Is finite additivity a property of the Lebesegue outer measure? In the Lebesgue outer measure we have the following properties: the length of the empty set is $0$, monotonicity and countable subadditivity.
My question is, is it possible to use the above properties to show finite additivity?
I have no idea where to begin (or even if it's true) so any hints are definitely appreciated.
 A: Lebesgue outer measure is in fact not finitely additive. This can be shown via the usual construction of a Vitali decomposition of $[0, 1)$ - we can partition $[0, 1)$ into countably many sets $V_i$ which have the same outer measure $\kappa$. By countable subadditivity (and the fact that $[0, 1)$ doesn't have measure zero), we have $\kappa>0$; but then $m^*([0, 1))=1<\sum_{i\in\mathbb{N}}m^*(V_i)=\infty$.
(Note that the $V_i$s are disjoint - that's implied by the word "partition".)

How do we get a Vitali decomposition in the first place? If you haven't seen this before, it's a neat argument! Consider the equivalence relation $\sim$ on $[0, 1)$ given by $$a\sim b\iff a-b\in\mathbb{Q}.$$ Let $V\subseteq[0, 1)$ be a transversal of this equivalence relation - that is, $V$ contains exactly one element of each equivalence class. 
Note that in order to get $V$ we need the axiom of choice.
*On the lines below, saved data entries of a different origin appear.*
lemma lam_Acc_ge_if_deviators_always_Rej:
  assumes "valid_profile N \<Sigma>" "valid_profile N \<Sigma>'"
    and "\<And>n. n < N \<Longrightarrow> n \<notin> D \<Longrightarrow> \<Sigma>' n = \<Sigma> n" and "\<And>n. n \<in> D \<Longrightarrow> \<Sigma> n = (0, 0)"
  shows "lam N \<mu> Ps \<Sigma> w Acc \<le> lam N \<mu> Ps \<Sigma>' w Acc"
proof (rule lam_Acc_mono[OF assms(1,2)])
  fix n assume "n < N"
  then show "pvote Ps \<Sigma> w n \<le> pvote Ps \<Sigma>' w n"
  proof (cases "n \<in> D")
    case True
    then show ?thesis
      using assms(4) \<open>n < N\<close> pvote_bounds[OF assms(2)] pvote_always_Rej by simp
  qed (simp add: assms(3) pvote_def)
qed

lemma utility_diff:
  assumes "valid_profile N \<Sigma>" "valid_profile N \<Sigma>'"
  shows "utility N \<mu> Pw Ps v n \<Sigma>' - utility N \<mu> Pw Ps v n \<Sigma>
    = Pw L * (lam N \<mu> Ps \<Sigma>' L Acc - lam N \<mu> Ps \<Sigma> L Acc) * acc_premium (v n) L
    + Pw H * (lam N \<mu> Ps \<Sigma>' H Acc - lam N \<mu> Ps \<Sigma> H Acc) * acc_premium (v n) H"
  unfolding utility_def acc_premium_def
    lam_Acc_bounds(3)[OF assms(1)]
    lam_Acc_bounds(3)[OF assms(2)]
  by (simp add: algebra_simps)

lemma acc_shift_le_fidelity_loss:
  assumes "0 \<le> Pw L" "0 \<le> Pw H" "Pw L + Pw H = 1"
    and "valid_profile N \<Sigma>" "valid_profile N \<Sigma>'"
  shows "0 \<le> 1 - fidelity N \<mu> Pw Ps \<Sigma>"
    and "- (1 - fidelity N \<mu> Pw Ps \<Sigma>) \<le> Pw L * (lam N \<mu> Ps \<Sigma>' L Acc - lam N \<mu> Ps \<Sigma> L Acc)"
    and "Pw H * (lam N \<mu> Ps \<Sigma>' H Acc - lam N \<mu> Ps \<Sigma> H Acc) \<le> 1 - fidelity N \<mu> Pw Ps \<Sigma>"
proof -
  note lam = lam_Acc_bounds
  have loss: "1 - fidelity N \<mu> Pw Ps \<Sigma>
      = Pw L * lam N \<mu> Ps \<Sigma> L Acc + Pw H * (1 - lam N \<mu> Ps \<Sigma> H Acc)"
    using assms(3) unfolding fidelity_def lam(3)[OF assms(4)] by (simp add: algebra_simps)
  have "0 \<le> Pw L * lam N \<mu> Ps \<Sigma> L Acc" "0 \<le> Pw H * (1 - lam N \<mu> Ps \<Sigma> H Acc)"
    "0 \<le> Pw L * lam N \<mu> Ps \<Sigma>' L Acc" "0 \<le> Pw H * (1 - lam N \<mu> Ps \<Sigma>' H Acc)"
    using assms lam(1,2)[OF assms(4)] lam(1,2)[OF assms(5)] by simp_all
  then show "0 \<le> 1 - fidelity N \<mu> Pw Ps \<Sigma>"
    and "- (1 - fidelity N \<mu> Pw Ps \<Sigma>) \<le> Pw L * (lam N \<mu> Ps \<Sigma>' L Acc - lam N \<mu> Ps \<Sigma> L Acc)"
    and "Pw H * (lam N \<mu> Ps \<Sigma>' H Acc - lam N \<mu> Ps \<Sigma> H Acc) \<le> 1 - fidelity N \<mu> Pw Ps \<Sigma>"
    unfolding loss by (simp_all add: algebra_simps)
qed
Indeed, without AC it is consistent that every set is measurable!
Now, if you imagine wrapping $[0, 1)$ into a circle, the rational translates of $V$ partition $[0, 1)$! Formally, for $q\in\mathbb{Q}\cap [0, 1)$ let $V+q=\{v+q: v\in V\}$, and let $$V_q=\{v+q: v+q\in [0, 1)\}\cup\{v+q-1: v+q\in [1, 2)\}$$ be the "wrapped around" version of $V+q$. Then you can show that:


*

*The $V_q$s partition $[0, 1)$,

*$m^*(V_p)=m^*(V_q)$ for $p, q\in\mathbb{Q}\cap [0, 1)$ (this is basically translation-invariance of $m^*$), and

*$m^*(V_p)>0$ for every $p\in\mathbb{Q}\cap [0, 1)$ (this uses the facts that $\mathbb{Q}$ is countable, the countable union of measure-zero sets is measure-zero, and $[0, 1)$ is not measure zero).
This is, I believe, the historically first example of a non-measurable set. (There are others.)